As of present several existing early stage businesses are not ready to absorb significant capital that is the minimum ticket size some funds are willing to write according to the white paper. However, as noted earlier, the entrance of international investors is contingent upon professional local investors, as they can help more businesses achieve product market fit by providing capital and mentorship.
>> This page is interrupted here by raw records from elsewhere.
(* Let $\mathcal F=(f_1,\dots,f_m)\colon\mathbb R^n\to\mathbb R^m$ be continuously differentiable with each $f_i$ convex, let $Q\subset\mathbb R^m$ be nonempty, closed and convex, $Q^+:=Q-\mathbb R^m_+$, and let $x^k\in\mathbb R^n$. Set $p^k:=P_{Q^+}(\mathcal F(x^k))$, $\rho^k:=\mathcal F(x^k)-p^k$, $Q^+_k:=\{y\in\mathbb R^m:\langle\rho^k,y-p^k\rangle\le0\}$ and $\delta_k(x):=\tfrac12\mathrm{dist}^2(\mathcal F(x),Q^+_k)$ (so $\delta_k\equiv0$ if $\rho^k=0$, and $\delta_k(x)=[\langle\rho^k,\mathcal F(x)-p^k\rangle]_+^2/(2\|\rho^k\|^2)$ if $\rho^k\ne0$). Then $\delta_k$ is convex on $\mathbb R^n$.
   Context: $Q-\mathbb R^m_+:=\{y-u:y\in Q,u\in\mathbb R^m_+\}$; $P_{Q^+}$ is the Euclidean metric projection onto $Q^+$; $[t]_+:=\max(t,0)$.
   Formalization: A nearest point of $Q^+$ to $\mathcal F(x^k)$ is assumed to exist, so that $p^k=P_{Q^+}(\mathcal F(x^k))$ is defined. The statement above fails without it. *)

theory Defs
  imports "HOL-Analysis.Analysis"
begin

definition nonneg_orthant :: "(real^'m) set" where
  "nonneg_orthant = {u. \<forall>i. 0 \<le> u $ i}"

definition Qplus :: "(real^'m) set \<Rightarrow> (real^'m) set" where
  "Qplus Q = {y - u | y u. y \<in> Q \<and> u \<in> nonneg_orthant}"

end

theory Submission
  imports Defs
begin

(* Since Q^+ is invariant under subtracting nonnegative vectors, the residual \<rho>k of the
   projection onto it is a nonnegative vector.  Hence g x := <\<rho>k, F x - pk> is a nonnegative
   combination of the convex components of F, so it is convex.  For \<rho>k \<noteq> 0 the distance to
   the half-space Qk is [g x]_+ / |\<rho>k|, and t \<mapsto> [t]_+^2 is convex and nondecreasing, so
   \<delta>k = [g]_+^2 / (2 |\<rho>k|^2) is convex. *)

lemma convex_on_max:
  assumes "convex_on S f" "convex_on S g"
  shows "convex_on S (\<lambda>x. max (f x) (g x))"
proof -
  have "max (f (u *\<^sub>R x + v *\<^sub>R y)) (g (u *\<^sub>R x + v *\<^sub>R y))
          \<le> u * max (f x) (g x) + v * max (f y) (g y)"
    if "x \<in> S" "y \<in> S" "0 \<le> u" "0 \<le> v" "u + v = 1" for x y u v
  proof -
    have "f (u *\<^sub>R x + v *\<^sub>R y) \<le> u * f x + v * f y"
      "g (u *\<^sub>R x + v *\<^sub>R y) \<le> u * g x + v * g y"
      using assms that unfolding convex_on_def by blast+
    moreover have "u * f x + v * f y \<le> u * max (f x) (g x) + v * max (f y) (g y)"
      "u * g x + v * g y \<le> u * max (f x) (g x) + v * max (f y) (g y)"
      using that by (intro add_mono mult_left_mono; simp)+
    ultimately show ?thesis
      by (intro max.boundedI) linarith+
  qed
  with convex_on_imp_convex[OF assms(1)] show ?thesis
    unfolding convex_on_def by blast
qed

lemma convex_on_sum_fun:
  assumes "finite I" "convex S" "\<And>i. i \<in> I \<Longrightarrow> convex_on S (f i)"
  shows "convex_on S (\<lambda>x. \<Sum>i\<in>I. f i x)"
  using assms by (induction I rule: finite_induct) (auto simp: convex_on_const)

lemma convex_on_compose_mono:
  fixes g :: "real \<Rightarrow> real"
  assumes f: "convex_on S f" and g: "convex_on UNIV g" "mono g"
  shows "convex_on S (\<lambda>x. g (f x))"
proof -
  have "g (f (u *\<^sub>R x + v *\<^sub>R y)) \<le> u * g (f x) + v * g (f y)"
    if "x \<in> S" "y \<in> S" "0 \<le> u" "0 \<le> v" "u + v = 1" for x y u v
  proof -
    have "g (f (u *\<^sub>R x + v *\<^sub>R y)) \<le> g (u * f x + v * f y)"
      using f that unfolding convex_on_def by (intro monoD[OF g(2)]) auto
    also have "\<dots> \<le> u * g (f x) + v * g (f y)"
      using g(1) that unfolding convex_on_def by simp
    finally show ?thesis .
  qed
  with convex_on_imp_convex[OF f] show ?thesis
    unfolding convex_on_def by blast
qed

lemma convex_on_pos_part_squared: "convex_on UNIV (\<lambda>t::real. (max 0 t)\<^sup>2)"
proof -
  have pos_part: "convex_on UNIV (\<lambda>t::real. max 0 t)"
    by (intro convex_on_max) (simp_all add: convex_on_const convex_on_ident)
  have "convex_on UNIV (\<lambda>t::real. max 0 t * max 0 t)"
    by (rule convex_on_mul[OF pos_part pos_part]) (auto intro: mono_onI)
  then show ?thesis
    by (simp add: power2_eq_square)
qed

lemma mono_pos_part_squared: "mono (\<lambda>t::real. (max 0 t)\<^sup>2)"
  by (intro monoI power_mono) auto

lemma convex_on_inner_nonneg_left:
  fixes F :: "'a::real_vector \<Rightarrow> real^'m"
  assumes "convex S" "\<And>i. 0 \<le> a $ i" "\<And>i. convex_on S (\<lambda>x. F x $ i)"
  shows "convex_on S (\<lambda>x. inner a (F x))"
  unfolding inner_vec_def inner_real_def
  using assms by (intro convex_on_sum_fun) (auto simp: mult.commute[of _ "a $ _"])

lemma infdist_halfspace:
  fixes a z :: "'a::real_inner"
  assumes "a \<noteq> 0"
  shows "infdist z {y. inner a y \<le> b} = max 0 (inner a z - b) / norm a"
proof (cases "inner a z \<le> b")
  case True
  then show ?thesis by simp
next
  case False
  define H where "H = {y. inner a y \<le> b}"
  define s where "s = inner a z - b"
  have s: "s > 0" using False by (simp add: s_def)
  have a: "norm a > 0" using assms by simp
  define w where "w = z - (s / (norm a)\<^sup>2) *\<^sub>R a"
  have "w \<in> H"
    using a by (simp add: H_def w_def s_def inner_diff_right dot_square_norm)
  moreover have "dist z w = s / norm a"
    using a s by (simp add: w_def dist_norm power2_eq_square)
  ultimately have upper: "infdist z H \<le> s / norm a"
    by (metis infdist_le)
  have "s / norm a \<le> dist z y" if "y \<in> H" for y
  proof -
    have "s \<le> inner a (z - y)"
      using that by (simp add: H_def s_def inner_diff_right)
    also have "\<dots> \<le> norm a * dist z y"
      using Cauchy_Schwarz_ineq2[of a "z - y"] by (simp add: dist_norm)
    finally show ?thesis
      using a by (simp add: divide_le_eq mult.commute)
  qed
  moreover have "H \<noteq> {}"
    using \<open>w \<in> H\<close> by blast
  ultimately have "s / norm a \<le> infdist z H"
    by (simp add: infdist_notempty cINF_greatest)
  with upper s show ?thesis
    by (simp add: H_def s_def)
qed

lemma Qplus_diff_nonneg_orthant:
  assumes "p \<in> Qplus Q" "u \<in> nonneg_orthant"
  shows "p - u \<in> Qplus Q"
proof -
  obtain y u' where "p = y - u'" "y \<in> Q" "u' \<in> nonneg_orthant"
    using assms(1) unfolding Qplus_def by blast
  moreover have "u' + u \<in> nonneg_orthant"
    using assms(2) \<open>u' \<in> nonneg_orthant\<close> by (simp add: nonneg_orthant_def)
  ultimately show ?thesis
    unfolding Qplus_def by (auto intro!: exI[of _ y] exI[of _ "u' + u"] simp: algebra_simps)
qed

lemma nearest_point_residual_nonneg:
  fixes z p :: "real^'m"
  assumes nearest: "\<And>y. y \<in> S \<Longrightarrow> dist z p \<le> dist z y"
    and downward_closed: "\<And>u. u \<in> nonneg_orthant \<Longrightarrow> p - u \<in> S"
  shows "0 \<le> (z - p) $ i"
proof (rule ccontr)
  define r where "r = z - p"
  assume "\<not> 0 \<le> (z - p) $ i"
  then have neg: "r $ i < 0" by (simp add: r_def)
  \<comment> \<open>moving p by -r_i along the i-th axis would get strictly closer to z\<close>
  define t where "t = - r $ i"
  have step: "t *\<^sub>R axis i 1 \<in> nonneg_orthant"
    using neg by (simp add: t_def nonneg_orthant_def axis_def)
  have "norm r \<le> norm (r + t *\<^sub>R axis i 1)"
    using nearest[OF downward_closed[OF step]] by (simp add: r_def dist_norm algebra_simps)
  then have "(norm r)\<^sup>2 \<le> (norm (r + t *\<^sub>R axis i 1))\<^sup>2"
    by (intro power_mono) auto
  also have "\<dots> = (norm r)\<^sup>2 + 2 * t * r $ i + t\<^sup>2"
    unfolding power2_norm_eq_inner
    by (simp add: inner_axis inner_axis' inner_commute
        power2_eq_square algebra_simps)
  also have "\<dots> = (norm r)\<^sup>2 - (r $ i)\<^sup>2"
    by (simp add: t_def power2_eq_square)
  finally show False
    using neg by simp
qed

theorem lemma5:
  fixes F :: "real^'n \<Rightarrow> real^'m"
    and F' :: "real^'n \<Rightarrow> ((real^'n) \<Rightarrow>\<^sub>L (real^'m))"
    and Q :: "(real^'m) set"
    and xk :: "real^'n"
    and pk \<rho>k :: "real^'m"
    and Qk :: "(real^'m) set"
    and \<delta>k :: "real^'n \<Rightarrow> real"
  assumes F_deriv: "\<And>x. (F has_derivative blinfun_apply (F' x)) (at x)"
    and F'_cont: "continuous_on UNIV F'"
    and F_conv: "\<And>i. convex_on UNIV (\<lambda>x. F x $ i)"
    and Q_ne: "Q \<noteq> {}" and Q_closed: "closed Q" and Q_convex: "convex Q"
    and proj_exists: "\<exists>p\<in>Qplus Q. \<forall>z\<in>Qplus Q. dist (F xk) p \<le> dist (F xk) z"
    and pk_def: "pk = closest_point (Qplus Q) (F xk)"
    and \<rho>k_def: "\<rho>k = F xk - pk"
    and Qk_def: "Qk = {y. inner \<rho>k (y - pk) \<le> 0}"
    and \<delta>k_def: "\<delta>k = (\<lambda>x. (1/2) * (infdist (F x) Qk)\<^sup>2)"
  shows "convex_on UNIV \<delta>k"
proof -
  have pk_nearest: "pk \<in> Qplus Q" "\<And>z. z \<in> Qplus Q \<Longrightarrow> dist (F xk) pk \<le> dist (F xk) z"
    using someI_ex[OF proj_exists[unfolded Bex_def]] unfolding pk_def closest_point_def
    by blast+
  have \<rho>k_nonneg: "0 \<le> \<rho>k $ i" for i
    unfolding \<rho>k_def using pk_nearest(2) Qplus_diff_nonneg_orthant[OF pk_nearest(1)]
    by (rule nearest_point_residual_nonneg)
  show ?thesis
  proof (cases "\<rho>k = 0")
    case True
    then have "\<delta>k = (\<lambda>x. 0)"
      by (simp add: \<delta>k_def Qk_def)
    then show ?thesis
      by (simp add: convex_on_const)
  next
    case False
    have "Qk = {y. inner \<rho>k y \<le> inner \<rho>k pk}"
      by (auto simp: Qk_def inner_diff_right)
    then have \<delta>k_eq: "\<delta>k =
        (\<lambda>x. 1 / (2 * (norm \<rho>k)\<^sup>2) * (max 0 (inner \<rho>k (F x) - inner \<rho>k pk))\<^sup>2)"
      by (simp add: \<delta>k_def infdist_halfspace[OF False] power_divide fun_eq_iff)
    have "convex_on UNIV (\<lambda>x. inner \<rho>k (F x) - inner \<rho>k pk)"
      by (intro convex_on_diff convex_on_inner_nonneg_left \<rho>k_nonneg F_conv)
        (simp_all add: concave_on_const)
    then have "convex_on UNIV (\<lambda>x. (max 0 (inner \<rho>k (F x) - inner \<rho>k pk))\<^sup>2)"
      by (rule convex_on_compose_mono[OF _ convex_on_pos_part_squared mono_pos_part_squared])
    then show ?thesis
      unfolding \<delta>k_eq by (rule convex_on_cmul[rotated]) simp
  qed
qed

end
Another major concern that was addressed in the report is that with most startups and early stage businesses that have successfully raised angel or seed investments they are facing difficulties in getting follow on capital. The major concern raised was that there is a lack of exits seen in the Pakistani ecosystem and that local investors have often found it difficult to justify investments considering the lack of any sizeable exits or deployment of later stage capital (Series A) seen in the ecosystem.

The investors, according to the report also focus on how there’s a need for the change of the narrative regarding failure. Not many startups learn from their failures and that the investors also need to realize failure is only a part of the process, including when looking at their own portfolio and that the majority of their investments, will fail.

Jeffery Paine of Golden Gate Ventures, speaking on the investment landscape in Pakistan said,

“What I feel is that if you are investing right now in Pakistan, and your fund size is about $5m, you will probably make a lot of money. There is no question eyes will be on Pakistan. But don’t just spray and pray; be careful about what you invest in.”